Single by Slade

from the album You Boyz Make Big Noize
- B-side: "Don't Talk to Me About Love"
- Released: 10 July 1987 (US)
- Genre: Hard rock
- Length: 3:50
- Label: RCA (Germany) CBS (US);
- Songwriter(s): Noddy Holder; Jim Lea;
- Producer(s): John Punter

Slade singles chronology
| "That's What Friends Are For" (1987) | "Ooh La La in L.A." (1987) | "You Boyz Make Big Noize" (1987) |

= Ooh La La in L.A. =

"Ooh La La in L.A." is a song by English rock band Slade, released in 1987 as the third single from their fourteenth studio album, You Boyz Make Big Noize. The song was written by lead vocalist Noddy Holder and bassist Jim Lea, and was produced by John Punter.

==Background==
Slade began writing and recording material for their You Boyz Make Big Noize album in 1986. Hoping to record a hit album that would put them back in the public eye, You Boyz Make Big Noize was released in 1987, however both the album and its singles "Still the Same" and "That's What Friends Are For" all failed to achieve the expected level of commercial success. During the summer of 1987, "Ooh La La in L.A." was released as the album's third single, but mainly in Germany only, with CBS also releasing it in America as a promotional single. It was not a commercial success in Germany and did not achieve enough airplay on American radio, except in Los Angeles, to warrant CBS giving it a full release. The song would be Slade's last release through RCA Records.

"Ooh La La in L.A." had been written during the time of the band's 1985 album Rogues Gallery. The lyrics, written by Holder, details the band's experiences in America while promoting their 1984 hit single "Run Runaway". The song also refers to the brief headline news that drummer Don Powell was dating Bob Dylan's daughter. In a 1987 fan club interview, guitarist Dave Hill picked the song as his favourite from the album, stating: "There is something about the chorus on this one. It is a very different sort of song for Slade. The lyric is very autobiographical. One verse is about Don being pissed all the time. There is mention of the Sunset Marquee, where a lot of bands stay. There is a verse about Barney's Beanery, where we used to play pool all the time."

In Russia, "Ooh La La in L.A." remains one of the band's most popular songs. In a 2011 interview on Vintage TV, Hill said: ""Ooh La La in L.A." was never a hit for us, but in Russia it's huge. And it's a bit like how come it's huge in this massive country and yet it didn't happen here?"

==Release==
"Ooh La La in L.A." was released on 7" and 12" vinyl by RCA Records across Europe. In America, it was released as a promotional-only 12" vinyl. RCA also released the single as a promotional-only release in Mexico, while a Japanese promotional single was also released, featuring "Ooh La La in L.A." as the A-side and American band Autograph's "Loud and Clear" on the B-side.

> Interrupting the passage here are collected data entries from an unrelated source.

lemma abs_expectation_truncate_abs_le:
  fixes X :: "'a \<Rightarrow> real" and g :: "real \<Rightarrow> real"
  assumes X: "integrable M X" "expectation X = 0"
    and g: "integrable M (\<lambda>\<omega>. g (X \<omega>))" "\<And>x. 0 \<le> g x"
    and "0 < T" and tail: "\<And>x. T < \<bar>x\<bar> \<Longrightarrow> T * \<bar>x\<bar> \<le> g x"
  shows "\<bar>expectation (\<lambda>\<omega>. truncate_abs T (X \<omega>))\<bar> \<le> expectation (\<lambda>\<omega>. g (X \<omega>)) / T"
proof -
  define Z where "Z \<omega> = X \<omega> - truncate_abs T (X \<omega>)" for \<omega>
  have [measurable]: "X \<in> borel_measurable M"
    using X(1) by (rule borel_measurable_integrable)
  have Z_bound: "\<bar>Z \<omega>\<bar> \<le> g (X \<omega>) / T" for \<omega>
    using tail[of "X \<omega>"] g(2)[of "X \<omega>"] \<open>0 < T\<close>
    by (auto simp: Z_def truncate_abs_def field_simps)
  have [measurable]: "Z \<in> borel_measurable M"
    unfolding Z_def[abs_def] by measurable
  have Z: "integrable M Z"
    using X(1) by (rule Bochner_Integration.integrable_bound) (auto simp: Z_def truncate_abs_def)
  have "(\<lambda>\<omega>. truncate_abs T (X \<omega>)) = (\<lambda>\<omega>. X \<omega> - Z \<omega>)"
    by (simp add: Z_def)
  hence "expectation (\<lambda>\<omega>. truncate_abs T (X \<omega>)) = - expectation Z"
    using X Z by simp
  hence "\<bar>expectation (\<lambda>\<omega>. truncate_abs T (X \<omega>))\<bar> \<le> expectation (\<lambda>\<omega>. \<bar>Z \<omega>\<bar>)"
    using integral_abs_bound[of M Z] by simp
  also have "\<dots> \<le> expectation (\<lambda>\<omega>. g (X \<omega>) / T)"
    using Z g(1) by (intro integral_mono Z_bound) auto
  finally show ?thesis by simp
qed

lemma prob_abs_sum_gt_le_truncation:
  fixes X :: "'i \<Rightarrow> 'a \<Rightarrow> real" and T t :: real
  assumes indep: "indep_vars (\<lambda>_. borel) X I" and I: "finite I" "I \<noteq> {}"
    and "0 < T" "0 < t"
    and bias: "(\<Sum>i\<in>I. \<bar>expectation (\<lambda>\<omega>. truncate_abs T (X i \<omega>))\<bar>) \<le> t / 2"
  shows "prob {\<omega>\<in>space M. t < \<bar>\<Sum>i\<in>I. X i \<omega>\<bar>}
           \<le> (\<Sum>i\<in>I. prob {\<omega>\<in>space M. T < \<bar>X i \<omega>\<bar>}) + 2 * exp (- (t\<^sup>2 / (8 * real (card I) * T\<^sup>2)))"
proof -
  have rv: "X i \<in> borel_measurable M" if "i \<in> I" for i
    using indep that by (auto simp: indep_vars_def)
  have tail_events: "{\<omega>\<in>space M. T < \<bar>X i \<omega>\<bar>} \<in> events" if "i \<in> I" for i
  proof -
    note [measurable] = rv[OF that]
    show ?thesis by measurable
  qed
  define Y where "Y i \<omega> = truncate_abs T (X i \<omega>)" for i \<omega>
  have [measurable]: "(\<lambda>\<omega>. \<Sum>i\<in>I. Y i \<omega>) \<in> borel_measurable M"
    unfolding Y_def by (intro borel_measurable_sum measurable_compose[OF rv borel_measurable_truncate_abs])
  define \<mu> where "\<mu> = (\<Sum>i\<in>I. expectation (Y i))"
  have indep_Y: "indep_vars (\<lambda>_. borel) Y I"
    unfolding Y_def by (rule indep_vars_compose2[OF indep]) measurable
  interpret Hoeffding_ineq M I Y "\<lambda>_. -T" "\<lambda>_. T" \<mu>
  proof unfold_locales
    fix i assume "i \<in> I"
    show "AE \<omega> in M. Y i \<omega> \<in> {-T..T}"
      using \<open>0 < T\<close> by (intro AE_I2) (auto simp: Y_def truncate_abs_def)
  qed (use I indep_Y in \<open>simp_all add: \<mu>_def\<close>)
  have "(\<Sum>i\<in>I. (T - - T)\<^sup>2) = 4 * real (card I) * T\<^sup>2"
    by (simp add: power2_eq_square)
  hence deviation: "prob {\<omega>\<in>space M. t / 2 \<le> \<bar>(\<Sum>i\<in>I. Y i \<omega>) - \<mu>\<bar>}
      \<le> 2 * exp (- (t\<^sup>2 / (8 * real (card I) * T\<^sup>2)))"
    using Hoeffding_ineq_abs_ge[of "t / 2"] \<open>0 < t\<close> \<open>0 < T\<close> I
    by (simp add: power_divide card_gt_0_iff mult.assoc)
  have "\<bar>\<mu>\<bar> \<le> t / 2"
    unfolding \<mu>_def Y_def[abs_def] by (rule order.trans[OF sum_abs bias])
  have "{\<omega>\<in>space M. t < \<bar>\<Sum>i\<in>I. X i \<omega>\<bar>}
      \<subseteq> (\<Union>i\<in>I. {\<omega>\<in>space M. T < \<bar>X i \<omega>\<bar>}) \<union> {\<omega>\<in>space M. t / 2 \<le> \<bar>(\<Sum>i\<in>I. Y i \<omega>) - \<mu>\<bar>}"
  proof (intro subsetI)
    fix \<omega> assume \<omega>: "\<omega> \<in> {\<omega>\<in>space M. t < \<bar>\<Sum>i\<in>I. X i \<omega>\<bar>}"
    show "\<omega> \<in> (\<Union>i\<in>I. {\<omega>\<in>space M. T < \<bar>X i \<omega>\<bar>}) \<union> {\<omega>\<in>space M. t / 2 \<le> \<bar>(\<Sum>i\<in>I. Y i \<omega>) - \<mu>\<bar>}"
    proof (cases "\<forall>i\<in>I. \<bar>X i \<omega>\<bar> \<le> T")
      case True
      hence "(\<Sum>i\<in>I. Y i \<omega>) = (\<Sum>i\<in>I. X i \<omega>)"
        by (simp add: Y_def truncate_abs_def)
      hence "t / 2 \<le> \<bar>(\<Sum>i\<in>I. Y i \<omega>) - \<mu>\<bar>"
        using \<omega> \<open>\<bar>\<mu>\<bar> \<le> t / 2\<close> abs_triangle_ineq2[of "\<Sum>i\<in>I. X i \<omega>" \<mu>] by simp
      thus ?thesis
        using \<omega> by simp
    qed (use \<omega> in \<open>auto simp: not_le\<close>)
  qed
  hence "prob {\<omega>\<in>space M. t < \<bar>\<Sum>i\<in>I. X i \<omega>\<bar>}
      \<le> prob (\<Union>i\<in>I. {\<omega>\<in>space M. T < \<bar>X i \<omega>\<bar>}) + prob {\<omega>\<in>space M. t / 2 \<le> \<bar>(\<Sum>i\<in>I. Y i \<omega>) - \<mu>\<bar>}"
  proof -
    have "(\<Union>i\<in>I. {\<omega>\<in>space M. T < \<bar>X i \<omega>\<bar>}) \<in> events"
      using I tail_events by (intro sets.finite_UN) auto
    moreover have "{\<omega>\<in>space M. t / 2 \<le> \<bar>(\<Sum>i\<in>I. Y i \<omega>) - \<mu>\<bar>} \<in> events"
      by measurable
    ultimately show ?thesis
      using \<open>{\<omega>\<in>space M. t < \<bar>\<Sum>i\<in>I. X i \<omega>\<bar>} \<subseteq> _\<close>
      by (intro order.trans[OF finite_measure_mono measure_Un_le]) auto
  qed
  also have "prob (\<Union>i\<in>I. {\<omega>\<in>space M. T < \<bar>X i \<omega>\<bar>}) \<le> (\<Sum>i\<in>I. prob {\<omega>\<in>space M. T < \<bar>X i \<omega>\<bar>})"
    using I tail_events by (intro finite_measure_subadditive_finite) auto
  finally show ?thesis
    using deviation by linarith
qed

lemma prob_Union_atLeast_le_inverse_square:
  assumes "1 \<le> n" "\<And>k. A k \<in> events" "\<And>k. n \<le> k \<Longrightarrow> prob (A k) \<le> Q / real k ^ 2"
  shows "prob (\<Union>k\<in>{n..}. A k) \<le> Q * (\<Sum>k. 1 / real (Suc k) ^ 2)"
proof -
  have "0 \<le> Q / real n ^ 2"
    using assms(3)[of n] measure_nonneg[of M "A n"] by linarith
  hence Q: "0 \<le> Q"
    using assms(1) by (simp add: zero_le_divide_iff)
  have shifted: "prob (A (k + n)) \<le> Q * (1 / real (Suc k) ^ 2)" for k
  proof -
    have "prob (A (k + n)) \<le> Q / real (k + n) ^ 2"
      by (rule assms(3)) simp
    also have "\<dots> \<le> Q / real (Suc k) ^ 2"
      using Q assms(1) by (intro divide_left_mono power_mono) auto
    finally show ?thesis by simp
  qed
  have summable_bound: "summable (\<lambda>k. Q * (1 / real (Suc k) ^ 2))"
    by (rule summable_mult[OF summable_inverse_Suc_square])
  have summable_prob: "summable (\<lambda>k. prob (A (k + n)))"
    by (rule summable_comparison_test'[OF summable_bound, of 0]) (metis shifted abs_of_nonneg measure_nonneg real_norm_def)
  have "(\<Union>k\<in>{n..}. A k) = (\<Union>k. A (k + n))"
  proof (intro equalityI subsetI)
    fix x assume "x \<in> (\<Union>k\<in>{n..}. A k)"
    then obtain k where "n \<le> k" "x \<in> A k"
      by auto
    thus "x \<in> (\<Union>k. A (k + n))"
      by (intro UN_I[of "k - n"]) auto
  qed auto
  also have "prob (\<Union>k. A (k + n)) \<le> (\<Sum>k. prob (A (k + n)))"
    using assms(2) summable_prob by (intro finite_measure_subadditive_countably) auto
  also have "\<dots> \<le> (\<Sum>k. Q * (1 / real (Suc k) ^ 2))"
    by (rule suminf_le[OF shifted summable_prob summable_bound])
  also have "\<dots> = Q * (\<Sum>k. 1 / real (Suc k) ^ 2)"
    using summable_inverse_Suc_square by (rule suminf_mult)
  finally show ?thesis .
qed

The B-side on the German release was "Don't Talk to Me About Love", which had previously appeared as a B-side on the double pack edition of the band's "Still the Same" single. On the 12" single, a second B-side, "That's What Friends Are For", taken from You Boyz Make Big Noize, was also included. The artwork for the single was the same as used for the earlier 1987 single "That's What Friends Are For".

==Promotion==
A music video to promote the single in America was planned if the promotional single gained sufficient airplay to warrant a full release of the single. In a fan club newsletter of the time, it was revealed that the video would be filmed in Los Angeles. However, the video did not come to fruition, with Lea stating in a 1987 fan club interview: "Well, when you are dealing with record companies, it all comes down to money, power strokes and the way they think a record is going to go. CBS deliberately held back on doing the video because, although they could see it picking up a few heavyweight stations, they wanted to wait to see if it picked up any more."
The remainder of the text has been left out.